Benchmarks used to rank AI models are several years old, often sourced from amateur websites, and, experts worry, lending automated systems a dubious sense of authority
The Turing Test (as some people believe it to be): if you can have a conversation with a computer and not tell if it’s a computer, then it must be intelligent.
AI companies: writes ML model that is specifically designed to convincingly play one side of a conversation, even though it has no ability to understand the things it talks about.
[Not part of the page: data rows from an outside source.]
lemma hole_from_detour:
  assumes sg: "simple_graph V E" and va: "E v a" and vb: "E v b" and ab: "a \<noteq> b" "\<not> E a b"
    and p: "detour E v a b p"
  shows "\<exists>S. is_hole V E S \<and> v \<in> S \<and> a \<in> S \<and> b \<in> S \<and> (\<forall>c\<in>S. E v c \<longrightarrow> c = a \<or> c = b)"
proof -
  obtain q where q: "detour E v a b q" and shortest: "\<forall>q'. detour E v a b q' \<longrightarrow> length q \<le> length q'"
    using ex_has_least_nat[of "detour E v a b" p length] p by blast
  have ind: "induced_path E q" using shortest_detour_induced[OF sg q shortest] .
  have qne: "q \<noteq> []" and hq: "hd q = a" and lq: "last q = b" and step: "successively E q"
    and inner: "\<forall>z\<in>set q. z = a \<or> z = b \<or> (z \<noteq> v \<and> \<not> E v z)"
    using q unfolding detour_def by auto
  define n where "n = length q"
  have q0: "q ! 0 = a" and qn: "q ! (n - 1) = b"
    using hq lq qne by (simp_all add: hd_conv_nth last_conv_nth n_def)
  have "n \<noteq> 1" using q0 qn ab by auto
  moreover have "n \<noteq> 2" using successively_nth[OF step, of 0] q0 qn ab n_def by auto
  moreover have "n \<noteq> 0" using qne n_def by simp
  ultimately have n3: "n \<ge> 3" by arith
  have dq: "distinct q" using ind unfolding induced_path_def by simp
  have ends: "\<forall>k<n. E v (q ! k) \<longleftrightarrow> k = 0 \<or> k = n - 1"
  proof (intro allI impI)
    fix k assume k: "k < n"
    have "0 < n" "n - 1 < n" using n3 by auto
    have "E v (q ! k) \<Longrightarrow> q ! k = q ! 0 \<or> q ! k = q ! (n - 1)"
      using inner k q0 qn n_def by (metis nth_mem)
    moreover have "q ! k = q ! 0 \<longleftrightarrow> k = 0" "q ! k = q ! (n - 1) \<longleftrightarrow> k = n - 1"
      using dq k \<open>0 < n\<close> \<open>n - 1 < n\<close> n_def by (simp_all add: nth_eq_iff_index_eq)
    ultimately show "E v (q ! k) \<longleftrightarrow> k = 0 \<or> k = n - 1" using q0 qn va vb by auto
  qed
  have vq: "v \<notin> set q" using inner va vb simple_graph_irrefl[OF sg] by fastforce
  have qV: "set q \<subseteq> V" using walk_vertices[OF sg step] n3 n_def by simp
  have "is_hole V E (set (v # q))"
    using hole_of_induced_path[OF sg ind _ _ vq qV] n3 ends simple_graph_vertices[OF sg va] n_def
    by simp
  moreover have "\<forall>c\<in>set (v # q). E v c \<longrightarrow> c = a \<or> c = b"
    using inner simple_graph_irrefl[OF sg] by auto
  moreover have "a \<in> set q" "b \<in> set q" using hq lq qne by auto
  ultimately show ?thesis by (intro exI[of _ "set (v # q)"]) auto
qed

section \<open>Degree of a vertex with independent neighbourhood\<close>

abbreviation delete_vertex :: "('a \<Rightarrow> 'a \<Rightarrow> bool) \<Rightarrow> 'a \<Rightarrow> 'a \<Rightarrow> 'a \<Rightarrow> bool" where
  "delete_vertex E v \<equiv> \<lambda>x y. E x y \<and> x \<noteq> v \<and> y \<noteq> v"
Also as Turing proposed it it’s meant to be infinitely repeatable. The test isn’t supposed to just be if a machine can convince one person with one conversation. That would be trivial. The real Turing test is the converse, it says that there should be no conversation one could have with the machine where it wouldn’t convince you it’s a human.
The Turing Test (as some people believe it to be): if you can have a conversation with a computer and not tell if it’s a computer, then it must be intelligent.
AI companies: writes ML model that is specifically designed to convincingly play one side of a conversation, even though it has no ability to understand the things it talks about.
It’s worth emphasizing that the “Turing Test” is not a good test since it’s not at all scientific.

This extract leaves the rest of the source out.